··· Exercise input ···

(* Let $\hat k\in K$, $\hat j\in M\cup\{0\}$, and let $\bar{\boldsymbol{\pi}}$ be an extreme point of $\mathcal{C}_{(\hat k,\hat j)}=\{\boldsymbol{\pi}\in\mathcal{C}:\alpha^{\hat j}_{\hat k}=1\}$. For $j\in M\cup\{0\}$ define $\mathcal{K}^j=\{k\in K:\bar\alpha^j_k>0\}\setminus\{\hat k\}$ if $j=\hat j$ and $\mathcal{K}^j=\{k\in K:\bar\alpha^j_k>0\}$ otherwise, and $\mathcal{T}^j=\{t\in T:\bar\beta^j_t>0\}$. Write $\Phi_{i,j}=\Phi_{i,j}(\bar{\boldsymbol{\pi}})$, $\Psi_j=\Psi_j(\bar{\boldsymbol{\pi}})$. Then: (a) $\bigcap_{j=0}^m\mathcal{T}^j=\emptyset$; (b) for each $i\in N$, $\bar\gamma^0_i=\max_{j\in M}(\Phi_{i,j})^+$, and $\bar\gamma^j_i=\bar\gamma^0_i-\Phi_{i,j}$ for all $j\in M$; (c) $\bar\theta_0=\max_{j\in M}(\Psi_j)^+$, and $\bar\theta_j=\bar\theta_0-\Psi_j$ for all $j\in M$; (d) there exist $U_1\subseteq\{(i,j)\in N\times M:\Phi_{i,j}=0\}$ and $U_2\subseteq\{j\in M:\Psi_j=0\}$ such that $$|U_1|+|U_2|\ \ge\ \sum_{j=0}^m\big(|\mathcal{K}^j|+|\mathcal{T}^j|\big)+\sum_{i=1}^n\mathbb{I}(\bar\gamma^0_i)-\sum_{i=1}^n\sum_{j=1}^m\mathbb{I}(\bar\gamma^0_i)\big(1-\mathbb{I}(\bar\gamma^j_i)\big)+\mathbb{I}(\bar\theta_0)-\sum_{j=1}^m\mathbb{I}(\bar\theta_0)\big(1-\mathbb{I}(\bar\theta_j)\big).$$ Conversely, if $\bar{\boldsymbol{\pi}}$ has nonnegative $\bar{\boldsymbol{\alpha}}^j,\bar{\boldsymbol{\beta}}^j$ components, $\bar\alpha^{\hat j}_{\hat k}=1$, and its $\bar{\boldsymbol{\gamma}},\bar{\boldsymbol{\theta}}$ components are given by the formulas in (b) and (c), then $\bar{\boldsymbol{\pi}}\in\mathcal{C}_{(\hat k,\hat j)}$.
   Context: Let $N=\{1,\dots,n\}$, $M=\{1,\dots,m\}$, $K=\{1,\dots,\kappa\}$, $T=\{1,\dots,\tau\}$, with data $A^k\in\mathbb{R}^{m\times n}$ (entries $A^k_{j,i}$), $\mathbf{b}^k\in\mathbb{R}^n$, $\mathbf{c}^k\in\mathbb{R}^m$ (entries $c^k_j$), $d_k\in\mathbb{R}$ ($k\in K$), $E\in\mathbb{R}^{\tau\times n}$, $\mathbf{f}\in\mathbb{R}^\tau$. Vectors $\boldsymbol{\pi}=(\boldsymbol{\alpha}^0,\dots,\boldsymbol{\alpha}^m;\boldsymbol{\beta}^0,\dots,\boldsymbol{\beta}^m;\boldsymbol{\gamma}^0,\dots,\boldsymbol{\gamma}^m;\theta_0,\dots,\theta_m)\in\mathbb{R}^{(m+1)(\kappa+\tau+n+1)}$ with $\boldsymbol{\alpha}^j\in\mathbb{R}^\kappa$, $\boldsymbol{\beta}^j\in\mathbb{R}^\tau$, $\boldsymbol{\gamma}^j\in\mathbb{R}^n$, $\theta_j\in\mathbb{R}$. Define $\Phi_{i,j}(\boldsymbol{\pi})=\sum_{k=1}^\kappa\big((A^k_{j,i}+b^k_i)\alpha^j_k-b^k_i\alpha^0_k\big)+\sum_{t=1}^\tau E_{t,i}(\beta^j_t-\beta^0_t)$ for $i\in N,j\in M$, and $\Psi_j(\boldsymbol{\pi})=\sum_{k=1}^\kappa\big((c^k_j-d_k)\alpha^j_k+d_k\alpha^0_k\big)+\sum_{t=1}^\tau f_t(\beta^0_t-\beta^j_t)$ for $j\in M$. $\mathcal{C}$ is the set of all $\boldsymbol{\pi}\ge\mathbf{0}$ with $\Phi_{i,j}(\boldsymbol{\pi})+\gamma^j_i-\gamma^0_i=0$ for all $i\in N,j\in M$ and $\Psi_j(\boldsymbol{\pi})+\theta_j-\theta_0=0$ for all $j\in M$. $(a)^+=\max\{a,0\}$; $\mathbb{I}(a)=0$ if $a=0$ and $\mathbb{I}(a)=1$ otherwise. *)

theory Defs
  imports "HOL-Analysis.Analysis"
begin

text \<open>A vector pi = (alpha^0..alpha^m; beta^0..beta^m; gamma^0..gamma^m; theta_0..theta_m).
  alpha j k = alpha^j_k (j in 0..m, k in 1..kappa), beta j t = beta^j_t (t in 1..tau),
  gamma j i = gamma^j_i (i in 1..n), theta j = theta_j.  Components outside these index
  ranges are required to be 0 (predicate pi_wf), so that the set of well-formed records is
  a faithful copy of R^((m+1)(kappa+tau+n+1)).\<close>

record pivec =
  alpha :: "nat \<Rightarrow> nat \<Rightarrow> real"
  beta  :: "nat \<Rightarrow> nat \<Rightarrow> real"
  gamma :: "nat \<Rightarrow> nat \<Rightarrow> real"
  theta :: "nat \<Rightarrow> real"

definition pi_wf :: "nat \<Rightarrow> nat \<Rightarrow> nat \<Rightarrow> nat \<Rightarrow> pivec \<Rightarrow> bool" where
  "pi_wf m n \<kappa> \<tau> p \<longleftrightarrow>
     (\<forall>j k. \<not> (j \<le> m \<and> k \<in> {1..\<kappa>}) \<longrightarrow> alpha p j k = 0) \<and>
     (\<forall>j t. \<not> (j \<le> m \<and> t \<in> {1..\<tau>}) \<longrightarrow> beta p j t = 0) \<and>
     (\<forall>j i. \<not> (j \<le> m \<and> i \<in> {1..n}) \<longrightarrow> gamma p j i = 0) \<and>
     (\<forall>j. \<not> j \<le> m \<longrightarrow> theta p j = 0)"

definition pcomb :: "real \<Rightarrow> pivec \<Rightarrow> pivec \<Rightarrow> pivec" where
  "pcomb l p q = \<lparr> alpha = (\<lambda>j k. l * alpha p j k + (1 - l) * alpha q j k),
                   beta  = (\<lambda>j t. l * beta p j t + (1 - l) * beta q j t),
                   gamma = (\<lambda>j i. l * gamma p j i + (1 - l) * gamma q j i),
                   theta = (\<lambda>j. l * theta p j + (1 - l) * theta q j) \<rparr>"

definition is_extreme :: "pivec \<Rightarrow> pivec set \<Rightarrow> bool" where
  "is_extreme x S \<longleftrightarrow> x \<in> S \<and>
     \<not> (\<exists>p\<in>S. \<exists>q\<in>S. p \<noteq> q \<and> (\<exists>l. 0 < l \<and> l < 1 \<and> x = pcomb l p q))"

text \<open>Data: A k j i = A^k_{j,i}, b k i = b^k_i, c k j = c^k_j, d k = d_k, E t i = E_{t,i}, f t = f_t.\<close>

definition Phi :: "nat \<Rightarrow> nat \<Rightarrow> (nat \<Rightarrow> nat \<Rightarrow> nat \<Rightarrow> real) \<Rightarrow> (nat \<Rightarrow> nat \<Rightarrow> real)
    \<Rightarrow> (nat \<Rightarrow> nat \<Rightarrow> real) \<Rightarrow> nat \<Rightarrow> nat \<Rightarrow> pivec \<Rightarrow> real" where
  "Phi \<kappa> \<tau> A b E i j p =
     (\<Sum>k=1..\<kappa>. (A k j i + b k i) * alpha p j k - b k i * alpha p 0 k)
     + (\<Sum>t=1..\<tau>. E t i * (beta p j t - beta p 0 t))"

···
··· Exercise input ···

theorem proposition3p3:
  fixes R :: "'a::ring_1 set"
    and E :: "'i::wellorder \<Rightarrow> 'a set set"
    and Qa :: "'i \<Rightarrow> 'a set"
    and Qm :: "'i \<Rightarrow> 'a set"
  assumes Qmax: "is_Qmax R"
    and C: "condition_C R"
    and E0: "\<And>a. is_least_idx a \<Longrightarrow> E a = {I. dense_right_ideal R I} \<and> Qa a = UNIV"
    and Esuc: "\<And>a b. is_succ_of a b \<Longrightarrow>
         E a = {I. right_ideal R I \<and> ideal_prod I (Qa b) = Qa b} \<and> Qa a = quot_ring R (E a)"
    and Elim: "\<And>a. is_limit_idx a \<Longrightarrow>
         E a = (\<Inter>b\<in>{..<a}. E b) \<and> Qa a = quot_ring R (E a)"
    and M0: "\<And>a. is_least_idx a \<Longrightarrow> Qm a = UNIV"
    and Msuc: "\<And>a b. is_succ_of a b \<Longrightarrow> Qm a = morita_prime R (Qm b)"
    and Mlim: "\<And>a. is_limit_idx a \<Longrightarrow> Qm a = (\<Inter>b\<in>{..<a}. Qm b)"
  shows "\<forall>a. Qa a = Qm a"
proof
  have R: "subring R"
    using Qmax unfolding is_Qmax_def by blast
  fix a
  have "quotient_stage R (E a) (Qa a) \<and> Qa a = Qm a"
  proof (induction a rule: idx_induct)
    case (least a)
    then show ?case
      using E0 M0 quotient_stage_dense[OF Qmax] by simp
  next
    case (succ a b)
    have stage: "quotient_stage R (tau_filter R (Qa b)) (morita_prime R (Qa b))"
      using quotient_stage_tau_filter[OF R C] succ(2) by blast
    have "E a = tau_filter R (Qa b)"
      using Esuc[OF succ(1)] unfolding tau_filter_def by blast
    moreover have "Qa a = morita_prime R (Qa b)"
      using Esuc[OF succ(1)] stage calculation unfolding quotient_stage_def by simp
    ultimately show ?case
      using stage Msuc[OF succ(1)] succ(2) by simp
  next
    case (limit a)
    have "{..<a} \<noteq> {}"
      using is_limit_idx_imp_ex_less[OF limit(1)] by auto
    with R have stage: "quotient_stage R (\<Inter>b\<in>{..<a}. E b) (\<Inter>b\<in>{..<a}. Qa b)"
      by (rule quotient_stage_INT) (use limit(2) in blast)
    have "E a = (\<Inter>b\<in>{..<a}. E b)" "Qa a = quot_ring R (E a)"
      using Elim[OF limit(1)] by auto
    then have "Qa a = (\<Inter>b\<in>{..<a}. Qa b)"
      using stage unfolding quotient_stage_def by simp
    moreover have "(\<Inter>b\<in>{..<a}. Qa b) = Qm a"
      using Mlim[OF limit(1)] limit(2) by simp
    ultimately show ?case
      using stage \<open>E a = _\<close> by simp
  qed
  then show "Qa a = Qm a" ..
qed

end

···
··· Exercise input ···

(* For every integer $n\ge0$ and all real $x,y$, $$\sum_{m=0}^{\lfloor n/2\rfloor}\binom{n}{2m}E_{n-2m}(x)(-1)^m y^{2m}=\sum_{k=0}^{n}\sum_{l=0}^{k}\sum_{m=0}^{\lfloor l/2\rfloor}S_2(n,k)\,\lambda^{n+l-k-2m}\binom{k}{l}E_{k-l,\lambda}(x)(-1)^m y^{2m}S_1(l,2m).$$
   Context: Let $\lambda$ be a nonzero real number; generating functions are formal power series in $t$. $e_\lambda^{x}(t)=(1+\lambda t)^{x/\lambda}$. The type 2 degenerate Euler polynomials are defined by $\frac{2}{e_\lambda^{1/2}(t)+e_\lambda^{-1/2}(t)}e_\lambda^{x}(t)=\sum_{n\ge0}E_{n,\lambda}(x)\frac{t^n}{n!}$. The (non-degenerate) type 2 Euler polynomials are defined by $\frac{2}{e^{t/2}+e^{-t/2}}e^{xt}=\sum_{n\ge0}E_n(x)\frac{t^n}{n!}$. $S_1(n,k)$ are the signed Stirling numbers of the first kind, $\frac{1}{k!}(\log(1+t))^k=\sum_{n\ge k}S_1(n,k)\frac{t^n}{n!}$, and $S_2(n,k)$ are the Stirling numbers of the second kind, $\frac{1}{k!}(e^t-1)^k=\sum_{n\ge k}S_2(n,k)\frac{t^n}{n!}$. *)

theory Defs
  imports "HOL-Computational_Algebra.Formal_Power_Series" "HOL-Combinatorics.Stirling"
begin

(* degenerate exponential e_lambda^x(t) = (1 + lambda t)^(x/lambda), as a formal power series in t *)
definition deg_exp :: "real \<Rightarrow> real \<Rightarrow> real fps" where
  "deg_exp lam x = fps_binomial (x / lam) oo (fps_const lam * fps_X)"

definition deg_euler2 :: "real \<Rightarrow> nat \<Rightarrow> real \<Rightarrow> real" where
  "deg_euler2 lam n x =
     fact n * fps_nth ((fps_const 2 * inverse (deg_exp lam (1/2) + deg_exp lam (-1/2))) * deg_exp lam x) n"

···

— Goal of the exercise —
Your task is to copy each line from the material above that includes the word "simp".

— Exercise response —
      using E0 M0 quotient_stage_dense[OF Qmax] by simp
      using Esuc[OF succ(1)] stage calculation unfolding quotient_stage_def by simp
      using stage Msuc[OF succ(1)] succ(2) by simp
      using stage unfolding quotient_stage_def by simp
      using Mlim[OF limit(1)] limit(2) by simp
      using stage \<open>E a = _\<close> by simp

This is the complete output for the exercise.